How Often Should You Review or Update Your Estate Plan?

 In Practical Matters, Wills

How often we should all update our estate plans always depends on the circumstances. At age 18, everyone should have a durable power of attorney, health care proxy and HIPAA release, just in case an accident occurs. These should then be updated upon marriage, having children or accumulating significant assets, with the addition of a will and perhaps a trust. Presumably the people you would appoint at 18 – parents or siblings—are not those you would appoint at 28 or 38. After this base plan is put in place, a new plan may not be necessary for decades absent a change in circumstances. A divorce, death in the family, or move to a new state would indicate the need to at least review your plan.

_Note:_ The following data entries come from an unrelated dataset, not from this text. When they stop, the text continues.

lemma partial_cinner_maximizer:
  assumes "closed S" and scale: "\<And>c x. x \<in> S \<Longrightarrow> c *s x \<in> S"
    and "x1 \<in> S" and "partial_cinner \<phi> x1 \<noteq> 0"
  obtains x0 where "x0 \<in> S" and "norm x0 = 1" and "partial_cinner \<phi> x0 \<noteq> 0"
    and "\<And>y. y \<in> S \<Longrightarrow> norm (partial_cinner \<phi> y) \<le> norm (partial_cinner \<phi> x0) * norm y"
proof -
  define F where "F y = norm (partial_cinner \<phi> y)" for y
  define normalize where "normalize y = complex_of_real (1 / norm y) *s y" for y :: "complex^'a"
  have normalize: "normalize y \<in> S \<inter> sphere 0 1" "F (normalize y) = F y / norm y"
    if "y \<in> S" "y \<noteq> 0" for y
    using that scale by (simp_all add: normalize_def F_def partial_cinner_scale norm_scale_vec norm_divide)
  have "compact (S \<inter> sphere 0 1)"
    using \<open>closed S\<close> by (simp add: closed_Int_compact)
  moreover have "continuous_on (S \<inter> sphere 0 1) F"
    unfolding F_def by (intro continuous_intros continuous_on_partial_cinner)
  moreover have "normalize x1 \<in> S \<inter> sphere 0 1"
    using normalize assms(3,4) by force
  ultimately obtain x0 where x0: "x0 \<in> S \<inter> sphere 0 1" and max: "\<forall>y\<in>S \<inter> sphere 0 1. F y \<le> F x0"
    using continuous_attains_sup by (metis empty_iff)
  show ?thesis
  proof
    show "x0 \<in> S" and "norm x0 = 1"
      using x0 by auto
    have "0 < F x1 / norm x1"
      using assms(4) by (cases "x1 = 0") (auto simp: F_def)
    also have "\<dots> \<le> F x0"
      using max normalize assms(3,4) by force
    finally show "partial_cinner \<phi> x0 \<noteq> 0"
      by (auto simp: F_def)
  next
    fix y assume "y \<in> S"
    show "norm (partial_cinner \<phi> y) \<le> norm (partial_cinner \<phi> x0) * norm y"
    proof (cases "y = 0")
      case False
      then have "F y / norm y \<le> F x0"
        using max normalize \<open>y \<in> S\<close> by metis
      then show ?thesis
        using False by (simp add: F_def divide_le_eq)
    qed simp
  qed
qed
theorem lemma3p3:
  fixes m n r a :: nat and A B :: "complex mat"
  assumes "m > 0" "n > 0" "r \<le> min m n" "a \<le> r"
    and "A \<in> carrier_mat m n" "B \<in> carrier_mat m n"
    and "in_C m n a r A B"
    and "normal_rank A B = r"
  shows "\<forall>eps eta fin infb. kcf A B eps eta fin infb \<longrightarrow> sum_list eps \<le> a \<and> sum_list eta \<le> r - a"
proof (intro allI impI)
  fix eps eta fin infb
  assume kcf: "kcf A B eps eta fin infb"
  define bs where "bs = kcf_blocks eps eta fin infb"
  obtain W Z where WZ: "W \<in> carrier_mat m r" "Z \<in> carrier_mat r n"
    and deg: "col_degrees_le (\<lambda>k. if k < a then 0 else 1) W" "row_degrees_le (\<lambda>k. if k < a then 1 else 0) Z"
    and KWZ: "kcf_pencil bs = W * Z"
    using kcf_pencil_in_C_factorization[OF kcf assms(5-7)] unfolding bs_def .
  have "r \<le> kcf_rank bs"
    using normal_rank_le_kcf_rank[OF kcf assms(5,6)] assms(8) unfolding bs_def by simp
  moreover have "kcf_rank bs \<le> r"
    using WZ by (intro kcf_rank_le_inner_dim[OF KWZ]) (auto simp: KWZ)
  ultimately have "kcf_rank bs = r" by simp
  then have selectors: "minor_rows_selector drop_last bs \<in> carrier_mat r m"
    "minor_cols_selector drop_last bs \<in> carrier_mat n r" for drop_last
    using minor_selector_carrier[of _ bs] WZ unfolding KWZ by auto
  obtain G where "G \<noteq> 0" and minor: "\<And>drop_last_row drop_last_col.
      det (minor_rows_selector drop_last_row bs * (W * Z) * minor_cols_selector drop_last_col bs)
      = [:0,1:] ^ ((if drop_last_col then sum_list eps else 0) + (if drop_last_row then sum_list eta else 0)) * G"
    using det_kcf_blocks_minor[of eps eta fin infb] unfolding bs_def[symmetric] KWZ by blast
  have "sum_list eps \<le> (\<Sum>k<r. if k < a then 1 else 0)"
    using minor[of False True] minor[of False False] \<open>G \<noteq> 0\<close> selectors WZ deg const_mat_minor_selector
    by (intro exponent_le_row_degrees[of W m r Z n "minor_rows_selector False bs"
        "minor_cols_selector False bs" "minor_cols_selector True bs"]) auto
  moreover have "sum_list eta \<le> (\<Sum>k<r. if k < a then 0 else 1)"
    using minor[of True False] minor[of False False] \<open>G \<noteq> 0\<close> selectors WZ deg const_mat_minor_selector
    by (intro exponent_le_col_degrees[of W m r Z n "minor_rows_selector False bs"
        "minor_rows_selector True bs" "minor_cols_selector False bs"]) auto
  ultimately show "sum_list eps \<le> a \<and> sum_list eta \<le> r - a"
    using sum_indicator_lessThan[OF assms(4)] by simp
qed

end
lemma lin_combination_of_dependent_insert:
  assumes F: "subfield F R" and indep: "lin_indep_over F B" and a: "a \<in> carrier R" "a \<notin> B"
    and dep: "\<not> lin_indep_over F (insert a B)"
  shows "\<exists>h \<in> B \<rightarrow> F. a = (\<Oplus>b\<in>B. h b \<otimes> b)"
proof -
  have finB: "finite B" and Bc: "B \<subseteq> carrier R"
    using indep unfolding lin_indep_over_def by auto
  note Fsub = subringE[OF subfieldE(1)[OF F]]
  obtain g where g: "g \<in> insert a B \<rightarrow> F" and rel: "(\<Oplus>b\<in>insert a B. g b \<otimes> b) = \<zero>"
    and nonzero: "\<exists>b\<in>insert a B. g b \<noteq> \<zero>"
    using dep finB Bc a unfolding lin_indep_over_def by auto
  have gc: "g b \<in> carrier R" if "b \<in> insert a B" for b
    using g that Fsub(1) by blast
  let ?s = "\<Oplus>b\<in>B. g b \<otimes> b"
  have sc: "?s \<in> carrier R"
    using gc Bc by (intro finsum_closed) auto
  have rel': "g a \<otimes> a \<oplus> ?s = \<zero>"
    using rel finB a gc Bc by (subst (asm) finsum_insert) (auto simp: Pi_def)
  have ga: "g a \<noteq> \<zero>"
  proof
    assume "g a = \<zero>"
    then have "?s = \<zero>"
      using rel' sc a by simp
    then have "\<forall>b\<in>B. g b = \<zero>"
      using indep g unfolding lin_indep_over_def by auto
    with nonzero \<open>g a = \<zero>\<close> show False
      by auto
  qed
  have inv_ga: "inv (g a) \<in> F" "inv (g a) \<otimes> g a = \<one>"
    using subfield_m_inv[OF F, of "g a"] g ga by auto
  define h where "h b = (\<ominus> (inv (g a))) \<otimes> g b" for b
  have "h \<in> B \<rightarrow> F"
    using g inv_ga(1) Fsub(5,6) unfolding h_def by blast
  moreover have "(\<Oplus>b\<in>B. h b \<otimes> b) = a"
  proof -
    have ic: "inv (g a) \<in> carrier R"
      using inv_ga(1) Fsub(1) by blast
    have "(\<Oplus>b\<in>B. h b \<otimes> b) = (\<ominus> (inv (g a))) \<otimes> ?s"
      using gc Bc ic finB unfolding h_def
      by (subst finsum_rdistr) (auto simp: m_assoc intro!: finsum_cong')
    also have "?s = \<ominus> (g a \<otimes> a)"
      using rel' sc gc a by (metis add.inv_equality add.m_comm insertI1 m_closed)
    also have "(\<ominus> (inv (g a))) \<otimes> (\<ominus> (g a \<otimes> a)) = inv (g a) \<otimes> g a \<otimes> a"
      using ic gc[of a] a by (simp add: l_minus r_minus m_assoc)
    finally show ?thesis
      using inv_ga(2) a by simp
  qed
  ultimately show ?thesis
    by auto
qed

Unfortunately for us baby boomers, after age 55 the chances of dying or becoming disabled increase significantly as every year goes by. It is important to review your plan at age 55 and then to do so again every five years. (Unfortunately, this sounds a bit like advice about colonoscopies.) Circumstances often change in these later years – retirement, moving to a new state, disability of oneself or beneficiaries – as do tax and public benefit laws. For reasons that make no logical sense and probably violate the law, some financial institutions will only honor recently-executed durable powers of attorney. So it can be useful to sign new ones every five years. The rest of your plan may not need to be changed, but a review is useful just in case. Think of it as your annual medical check up, except that you only have to do it every five years.

We recently had a case in our office that shows the need to review your estate plan, if not every five years, at least every few decades.

                John executed a will in 1988. He was not married and did not have children and he split his estate among his three siblings. When he died 27 years later in 2015 when he was 82 years old, he was still unmarried and childless. In the meantime, his circumstances had not changed. But those of his siblings had. One was living in a nursing home; one in assisted living; and one had passed away leaving five children. The will provided that the children of a deceased sibling would receive his share.

                Unfortunately, one of those nieces and nephews, who was entitled to a 1/15th share of John’s estate, about $80,000 in this case, was drug addicted and homeless. His siblings were afraid that when he received these funds he would spend the money on drugs, the quantity of which then available to him might kill him.

                The brother who was living in a nursing home was covered by Medicaid. The receipt of funds – about $400,000 – would make him ineligible for further benefits. At current rates, the inheritance would be completely depleted in three years and if he passed away before he spends it all down, the state would have a claim against his estate for reimbursement of past expenses. We didn’t know if the third sibling who was then in assisted living might need nursing home care in the future with her inheritance being spent down in a similar way.

                Due to the situation of these beneficiaries, this was a case the cried out for a trust that would have permitted John’s siblings and nieces and nephews to benefit from his generosity, but for the his brother in a nursing home to continue to receive Medicaid-covered care and his nephew to receive some benefit from his share without it going into his arm in days or weeks. Of course, John could not know this in 2008, which is why periodic reviews are necessary.